İş hukukunun amacı, işverene karşı zayıf durumda olan isçiyi işverenin haksız ve kötüniyetli davranışlarına karşı korumak ve işverenin iş sözleşmesine keyfi bir şekilde son vermesini önleyerek işçiye iş güvencesi sağlamaktır. Bahse konu madde bu amaca uygun olarak düzenlenmiştir. Madde hükmü ile işverenin hangi kaynaklara dayanarak çalışma koşullarında esaslı değişiklik yapacağı belirlenmiş, işverene çalışma koşullarında değişiklik yapması için işçinin rızasını alması ve yazılı bildirim zorunluluğu getirilmiş, ayrıca işverenin iş sözleşmesini keyfi olarak sona erdirmesi zorlaştırılmış ve ancak geçerli bir nedenin olması halinde fesih işleminin mümkün olacağı belirtilmiştir. Dolayısıyla, fesih en son çare olarak düşünülmüştür.
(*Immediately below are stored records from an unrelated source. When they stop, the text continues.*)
lemma core_colour_proper:
  assumes "2 \<le> r" "x \<in> vertices r n N" "y \<in> vertices r n N" "adjacent x y"
  shows "core_colour r x \<noteq> core_colour r y"
  using assms by (cases x; cases y) auto

lemma core_colour_less:
  assumes "2 \<le> r" "x \<in> vertices r n N"
  shows "core_colour r x < r"
  using assms by (cases x) auto

lemma adjacent_precoloured_iff:
  "adjacent (Hub a) w \<longleftrightarrow> (\<exists>j c. w = Core j c)"
  "adjacent (Spoke a) w \<longleftrightarrow> w = Apex"
  "adjacent (Marker c) w \<longleftrightarrow> (\<exists>j. w = Core j c)"
  by (cases w; auto)+

lemma common_neighbour_precoloured:
  assumes "2 \<le> r" "3 \<le> n" "x \<in> precoloured n" "y \<in> precoloured n" "x \<noteq> y"
  shows "(\<exists>w\<in>vertices r n N. adjacent x w \<and> adjacent w y) \<longleftrightarrow>
    x \<in> Hub ` {1..3} \<and> y \<in> Hub ` {1..3} \<or> x \<in> Spoke ` {1..3} \<and> y \<in> Spoke ` {1..3} \<or>
    x \<in> Hub ` {1..3} \<and> y \<in> Marker ` {4..n} \<or> x \<in> Marker ` {4..n} \<and> y \<in> Hub ` {1..3}"
  using assms by (cases x; cases y)
    (auto simp: adjacent_precoloured_iff symp_adjacent[THEN sympD] intro: bexI[of _ "Core 0 _"])

lemma not_adjacent_precoloured:
  "x \<in> precoloured n \<Longrightarrow> y \<in> precoloured n \<Longrightarrow> \<not> adjacent x y"
  by (cases x; cases y) auto

definition close_precoloured :: "nat \<Rightarrow> vertex \<Rightarrow> vertex \<Rightarrow> bool" where
  "close_precoloured n x y \<longleftrightarrow>
     x \<in> Hub ` {1..3} \<and> y \<in> Hub ` {1..3} \<and> x \<noteq> y \<or>
     x \<in> Spoke ` {1..3} \<and> y \<in> Spoke ` {1..3} \<and> x \<noteq> y \<or>
     x \<in> Hub ` {1..3} \<and> y \<in> Marker ` {4..n}"

lemma within_2_precoloured_iff:
  assumes "2 \<le> r" "3 \<le> n"
  shows "x \<in> precoloured n \<and> y \<in> precoloured n \<and> x \<noteq> y \<and>
      (adjacent x y \<or> (\<exists>w\<in>vertices r n N. adjacent x w \<and> adjacent w y)) \<longleftrightarrow>
    close_precoloured n x y \<or> close_precoloured n y x"
    (is "?within \<longleftrightarrow> ?close")
proof
  assume ?within
  then show ?close
    using common_neighbour_precoloured[OF assms, of x y N] not_adjacent_precoloured[of x n y]
    unfolding close_precoloured_def by blast
next
  assume ?close
  then have "x \<in> precoloured n" "y \<in> precoloured n"
    unfolding close_precoloured_def precoloured_def by blast+
  moreover have "x \<noteq> y"
    using \<open>?close\<close> unfolding close_precoloured_def by auto
  ultimately show ?within
    using \<open>?close\<close> common_neighbour_precoloured[OF assms, of x y N]
    unfolding close_precoloured_def by blast
qed

lemma pairs_within_2_precoloured:
  assumes "2 \<le> r" "3 \<le> n"
  shows "pairs_within_2 (vertices r n N) adjacent (precoloured n) =
    {{x, y} | x y. x \<in> Hub ` {1..3} \<and> y \<in> Hub ` {1..3} \<and> x \<noteq> y} \<union>
    {{x, y} | x y. x \<in> Spoke ` {1..3} \<and> y \<in> Spoke ` {1..3} \<and> x \<noteq> y} \<union>
    {{x, y} | x y. x \<in> Hub ` {1..3} \<and> y \<in> Marker ` {4..n}}"
proof -
  have "pairs_within_2 (vertices r n N) adjacent (precoloured n) =
      {{x, y} | x y. close_precoloured n x y \<or> close_precoloured n y x}"
    unfolding pairs_within_2_def within_2_precoloured_iff[OF assms] ..
  then show ?thesis
    unfolding doubletons_swap_disj close_precoloured_def doubletons_disj by (simp only: Un_assoc)
qed

lemma card_pairs_within_2_precoloured:
  assumes "2 \<le> r" "3 \<le> n"
  shows "card (pairs_within_2 (vertices r n N) adjacent (precoloured n)) = 3 * (n - 1)"
proof -
  let ?HH = "{{x, y} | x y. x \<in> Hub ` {1..3} \<and> y \<in> Hub ` {1..3} \<and> x \<noteq> y}"
  let ?SS = "{{x, y} | x y. x \<in> Spoke ` {1..3} \<and> y \<in> Spoke ` {1..3} \<and> x \<noteq> y}"
  let ?HM = "{{x, y} | x y. x \<in> Hub ` {1..3} \<and> y \<in> Marker ` {4..n}}"
  have "card ?HH = 3" "card ?SS = 3"
    by (simp_all add: card_doubletons card_image inj_on_def numeral_eq_Suc)
  moreover have "card ?HM = 3 * (n - 3)"
    by (subst card_doubletons_disjoint) (auto simp: card_image inj_on_def)
  moreover have "finite ?HH" "finite ?SS" "finite ?HM"
    by (auto intro: finite_subset[of _ "Pow (precoloured n)"] simp: precoloured_def)
  moreover have "?HH \<inter> ?SS = {}" "(?HH \<union> ?SS) \<inter> ?HM = {}"
    by (auto simp: doubleton_eq_iff)
  ultimately show ?thesis
    using assms by (simp add: pairs_within_2_precoloured card_Un_disjoint)
qed

locale precolouring_extension =
  fixes r n N :: nat and f :: "vertex \<Rightarrow> nat"
  assumes two_le_r: "2 \<le> r" and three_le_n: "3 \<le> n"
    and proper: "\<And>x y. x \<in> vertices r n N \<Longrightarrow> y \<in> vertices r n N \<Longrightarrow> adjacent x y \<Longrightarrow> f x \<noteq> f y"
    and extends: "\<And>v. v \<in> precoloured n \<Longrightarrow> f v = precolour v"
begin

definition clique :: "vertex set" where
  "clique = insert Apex ((\<lambda>j. Core j 3) ` {..<r - 1})"

definition high_parts :: "nat set" where
  "high_parts = {j. j < r - 1 \<and> f (Core j 3) \<in> {4..n}}"

definition partners :: "vertex set" where
  "partners = (\<lambda>j. Core j (f (Core j 3))) ` high_parts"

lemma clique_subset_vertices: "clique \<subseteq> vertices r n N"
  using three_le_n by (auto simp: clique_def)

lemma partners_subset_vertices: "partners \<subseteq> vertices r n N"
  by (auto simp: partners_def high_parts_def)

lemma card_colours_clique: "card (f ` clique) = r"
proof -
  have "inj_on f clique"
  proof (rule inj_on_clique[where R = adjacent])
    show "adjacent x y" if "x \<in> clique" "y \<in> clique" "x \<noteq> y" for x y
      using that by (auto simp: clique_def)
    show "f x \<noteq> f y" if "x \<in> clique" "y \<in> clique" "adjacent x y" for x y
      using that clique_subset_vertices proper by blast
  qed
  moreover have "card ((\<lambda>j. Core j 3) ` {..<r - 1}) = r - 1"
    by (simp add: card_image inj_on_def)
  moreover have "Apex \<notin> (\<lambda>j. Core j 3) ` {..<r - 1}"
    by auto
  ultimately show ?thesis
    using two_le_r by (simp add: card_image clique_def)
qed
Çalışma Koşullarında Esaslı Değişiklik :
4857 sayılı İş Kanununun m.22 hükmü ile esaslı değişiklik düzenlenmiştir. Maddenin metnine bakıldığında; esaslı değişiklikler ancak durumu işçiye yazılı olarak bildirmek suretiyle yapılabilir. Bu şekle uygun olarak yapılmayan ve işçi tarafından altı iş günü içinde yazılı olarak kabul edilmeyen değişiklikler işçiyi bağlamaz. İşçi değişiklik önerisini bu süre içinde kabul etmezse, işveren değişikliğin geçerli bir nedene dayandığını veya fesih için başka bir geçerli nedenin bulunduğunu yazılı olarak açıklamak ve bildirim süresine uymak suretiyle iş sözlemesini feshedebilir.
İşçi bu durumda 17 ila 21. madde hükümlerine göre dava açabilir. Taraflar aralarında anlaşarak çalışma koşullarını her zaman değiştirebilir. Çalışma koşullarında değişiklik geçmişe etkili olarak yürürlüğe konulamaz.
İşçinin esaslı değişiklik talebini kabul etmemesi durumunda işveren değişikliği yapamayacak ya da esaslı değişikliğin geçerli bir sebebe dayandığını veya fesih için başka bir geçerli sebebin bulunduğunu ispatlayarak süreli feshe gidebilecektir. Bu halde işverenin feshine bağlanan her türlü hak ödenmek zorunda olacaktır: Kıdem tazminatı, ihbar tazminatı vb. Ancak böyle bir feshe gidilmiş olsa bile yine de işçi iş güvencesi hükümlerine başvurabilecek, başka bir deyişle işe iade davası açabilecektir.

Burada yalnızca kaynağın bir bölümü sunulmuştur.